Quando stiamo morendo, ispirati e armati di questa conoscenza, affrontiamo fatto che il nostro corpo è un'illusione, possiamo riconoscere la sua natura illusoria senza paura, rilasciare con calma ogni attaccamento ad esso e lasciarlo volentieri alle spalle, anche con gratitudine e gioia, poiché ora lo sappiamo per quello che è. Si può infatti dire che riusciremo a farlo veramente e completamente morire quando moriamo e raggiungere così la massima libertà.

Pensate allora al momento della morte come a una strana zona liminale della mente, una terra di nessuno in cui, da un lato, se non comprendiamo la natura illusoria del nostro corpo, possiamo subire un grave trauma emotivo perdendolo; e dall'altro ci viene data l'opportunità di una libertà illimitata, che nasce proprio dall'assenza dello stesso corpo.

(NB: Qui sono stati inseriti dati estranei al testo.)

definition mat_transpose :: "(nat \<Rightarrow> nat \<Rightarrow> real) \<Rightarrow> nat \<Rightarrow> nat \<Rightarrow> real" where
  "mat_transpose X = (\<lambda>a b. X b a)"

lemma mat_transpose_transpose [simp]: "mat_transpose (mat_transpose X) = X"
  by (simp add: mat_transpose_def)

lemma nonneg_mat_transpose: "nonneg_mat q p (mat_transpose X) \<longleftrightarrow> nonneg_mat p q X"
  by (auto simp: nonneg_mat_def mat_transpose_def)

lemma is_factorization_transpose:
  "is_factorization n m r (mat_transpose M) (mat_transpose W) (mat_transpose A) \<longleftrightarrow>
   is_factorization m n r M A W"
  by (auto simp: is_factorization_def mat_transpose_def mult.commute)

lemma row_admissible_eq_col_admissible_transpose:
  "row_admissible n r W u = col_admissible n r (mat_transpose W) u"
  by (simp add: fun_eq_iff row_admissible_def col_admissible_def mat_transpose_def)

lemma row_stable_of_support_rank_sum_minimal:
  assumes nonneg: "nonneg_mat m r A" and fact: "is_factorization m n r M A W"
    and minimal: "\<And>A'. nonneg_mat m r A' \<Longrightarrow> is_factorization m n r M A' W \<Longrightarrow>
        support_rank_sum m r (mat_transpose A) \<le> support_rank_sum m r (mat_transpose A')"
    and "j < m" and first: "lex_first (row_admissible n r W (\<lambda>b. M j b)) T"
    and "k < r" and "k \<notin> T"
  shows "A j k = 0"
proof -
  have "mat_transpose A k j = 0"
  proof (rule column_stable_of_support_rank_sum_minimal)
    show "nonneg_mat r m (mat_transpose A)" using nonneg by (simp add: nonneg_mat_transpose)
    show "is_factorization n m r (mat_transpose M) (mat_transpose W) (mat_transpose A)"
      using fact by (simp add: is_factorization_transpose)
    show "support_rank_sum m r (mat_transpose A) \<le> support_rank_sum m r W'"
      if "nonneg_mat r m W'" "is_factorization n m r (mat_transpose M) (mat_transpose W) W'" for W'
      using minimal[of "mat_transpose W'"] that
        nonneg_mat_transpose[where X = "mat_transpose W'"]
        is_factorization_transpose[where A = "mat_transpose W'"]
      by simp
    show "lex_first (col_admissible n r (mat_transpose W) (\<lambda>b. mat_transpose M b j)) T"
      using first by (simp add: row_admissible_eq_col_admissible_transpose mat_transpose_def)
  qed fact+
  then show ?thesis by (simp add: mat_transpose_def)
qed

theorem mainTheorem3:
  fixes m n r :: nat and M A W :: "nat \<Rightarrow> nat \<Rightarrow> real"
  assumes "nonneg_mat m n M"
    and "nonneg_mat m r A"
    and "nonneg_mat r n W"
    and "is_factorization m n r M A W"
  shows "\<exists>A' W'. nonneg_mat m r A' \<and> nonneg_mat r n W' \<and>
           is_factorization m n r M A' W' \<and> stable_factorization m n r M A' W'"
proof -
  define feasible where "feasible = (\<lambda>(A', W'). nonneg_mat m r A' \<and> nonneg_mat r n W' \<and>
      is_factorization m n r M A' W')"
  define potential where "potential = (\<lambda>(A', W').
      support_rank_sum n r W' + support_rank_sum m r (mat_transpose A'))"
  obtain A0 W0 where feasible0: "feasible (A0, W0)"
    and least: "\<And>p. feasible p \<Longrightarrow> potential (A0, W0) \<le> potential p"
    using ex_has_least_nat[of feasible "(A, W)" potential] assms(2-4)
    by (auto simp: feasible_def)
  then have "nonneg_mat m r A0" "nonneg_mat r n W0" "is_factorization m n r M A0 W0"
    by (auto simp: feasible_def)
  moreover have "stable_factorization m n r M A0 W0"
    unfolding stable_factorization_def
    using column_stable_of_support_rank_sum_minimal[OF calculation(2,3)]
      row_stable_of_support_rank_sum_minimal[OF calculation(1,3)]
      least feasible0 by (fastforce simp: feasible_def potential_def)
  ultimately show ?thesis by blast
qed

end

Quando siamo finalmente liberi dal corpo che ha definito e dominato la nostra comprensione di noi stessi per così tanto tempo, la visione karmica di una vita è completamente esaurita, ma qualsiasi karma che potrebbe essere creato in futuro non ha ancora iniziato a cristallizzarsi. Quindi ciò che accade nella morte è che c'è un "gap" o un luogo di grandi opportunità; questo è un momento di potere estremamente importante, dove l'unica cosa che significa, o può significare, è come esattamente È la nostra mente. Privata di un corpo fisico, la mente appare nuda, mostrata apertamente come è sempre stata: la costruttrice della nostra realtà.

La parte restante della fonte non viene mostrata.